Как надгробие Хрущева я сделал из черно-белых глыб, так и все те люди состояли из разных слоев. Они были противоречивы и непосле­довательны как само время. Они были услужливы и трус­ливы. Все бл...ди с эпохи Вавилона пользуются одними и теми же приемчиками. У них нет инструкций, просто они знают, как кокетничать. Все ребята из ЦК были раздвое­ны, жили двойной жизнью. Тот же Ильичев. Мой глав­ный и всех главный враг. Но он, кляня меня, установил со мной почти заговорщичес­кие отношения. На встрече с Хрущевым в Манеже подошел, укоризненно подергал за курточку: «Что это вы в та­ком виде?» — «Мы готовились к выставке всю ночь, а мне не дали переодеться. Одежду принесли, но охрана сюда не впустила... — и еще не сдер­жался: — Как вам не стыдно меня попрекать курточкой в стране трудящихся?!»
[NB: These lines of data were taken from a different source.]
lemma (in real_distribution) truncation_inequality:
  assumes "u > 0"
  shows "u * prob {x. 2 / u \<le> \<bar>x\<bar>} \<le> Re (CLBINT t:{-u..u}. 1 - char M t)"
proof -
  interpret pair_sigma_finite M lborel ..
  define g where "g x = (if x = 0 then 0 else 2 * (u - sin (u * x) / x))" for x
  have integrable_prod: "set_integrable (M \<Otimes>\<^sub>M lborel) (UNIV \<times> {-u..u}) (\<lambda>(x, t). 1 - iexp (t * x))"
    using assms unfolding set_integrable_def
    by (intro integrableI_bounded_set_indicator [where B = 2])
       (auto simp: lborel.emeasure_pair_measure_Times ennreal_mult_less_top not_less top_unique
             split: split_indicator intro!: order_trans [OF norm_triangle_ineq4])
  have inner: "(CLBINT t:{-u..u}. 1 - iexp (t * x)) = complex_of_real (g x)" for x
    using assms by (simp add: g_def interval_integral_one_minus_iexp del: of_real_mult)
  have "(CLBINT t:{-u..u}. 1 - char M t) = (CLBINT t:{-u..u}. (CLINT x | M. 1 - iexp (t * x)))"
    unfolding char_def
    by (intro set_lebesgue_integral_cong)
       (auto simp: prob_space[unfolded space_eq_univ] integrable_const_bound[where B = 1] del: of_real_mult)
  also have "\<dots> = (CLBINT t. (CLINT x | M. indicator {-u..u} t *\<^sub>R (1 - iexp (t * x))))"
    unfolding set_lebesgue_integral_def
    by (intro Bochner_Integration.integral_cong) (auto split: split_indicator)
  also have "\<dots> = (CLINT x | M. (CLBINT t:{-u..u}. 1 - iexp (t * x)))"
    using integrable_prod
    by (subst Fubini_integral)
       (auto simp: indicator_times split_beta' set_integrable_def set_lebesgue_integral_def)
  also have "\<dots> = complex_of_real (LINT x | M. g x)"
    by (simp add: inner del: of_real_mult)
  finally have char_eq: "Re (CLBINT t:{-u..u}. 1 - char M t) = (LINT x | M. g x)"
    by simp
  have "complex_integrable M (\<lambda>x. CLBINT t:{-u..u}. 1 - iexp (snd (x, t) * fst (x, t)))"
    using integrable_prod unfolding set_integrable_def set_lebesgue_integral_def
    by (intro integrable_fst) (simp add: indicator_times split_beta')
  then have integrable_g: "integrable M g"
    by (simp add: inner complex_of_real_integrable_eq del: of_real_mult)
  \<comment> \<open>\<open>g \<ge> 0\<close> everywhere and \<open>g \<ge> u\<close> where \<open>\<bar>u x\<bar> \<ge> 2\<close>, since then \<open>\<bar>sin (u x) / x\<bar> \<le> u / 2\<close>.\<close>
  have "2 * sin y \<le> y" if "2 \<le> y" for y :: real
    by (rule order_trans[OF _ that]) auto
  moreover have "y \<le> 2 * sin y" if "y \<le> - 2" for y :: real
    by (rule order_trans[OF that]) auto
  moreover have "y < 0 \<Longrightarrow> y \<le> sin y" for y :: real
    using sin_x_le_x[of "-y"] by simp
  ultimately have "(LINT x : {x. 2 / u \<le> \<bar>x\<bar>} | M. u) \<le> (LINT x | M. g x)"
    using assms unfolding set_lebesgue_integral_def g_def
    by (intro integral_mono [OF _ integrable_g[unfolded g_def]])
       (auto simp: divide_simps sin_x_le_x mult.commute[of u] mult_neg_pos top_unique less_top[symmetric]
             split: split_indicator)
  moreover have "(LINT x : {x. 2 / u \<le> \<bar>x\<bar>} | M. u) = u * prob {x. 2 / u \<le> \<bar>x\<bar>}"
    unfolding set_lebesgue_integral_def by (simp add: emeasure_eq_measure)
  ultimately show ?thesis
    using char_eq by simp
qed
Однажды, как карточный шулер, он бросил через стол в мою сторону пачку писем. «У меня нет времени читать ано­нимки», — сказал я. «А что это у вас за татуировка на левой руке?» — спросил он. «Я был десантником и веселым маль­чиком. Чтобы было понятно, у нас в Кушке мы пели песенку: «Там, где пехота не пройдет и бронепоезд не промчится, где замполит не проползет, туда наш взвод ходил мочиться». Ильичев задрал рукав и весело на меня посмотрел. От кисти до локтя его левую руку укра­шала татуировка голой бабы, обвитой змеей.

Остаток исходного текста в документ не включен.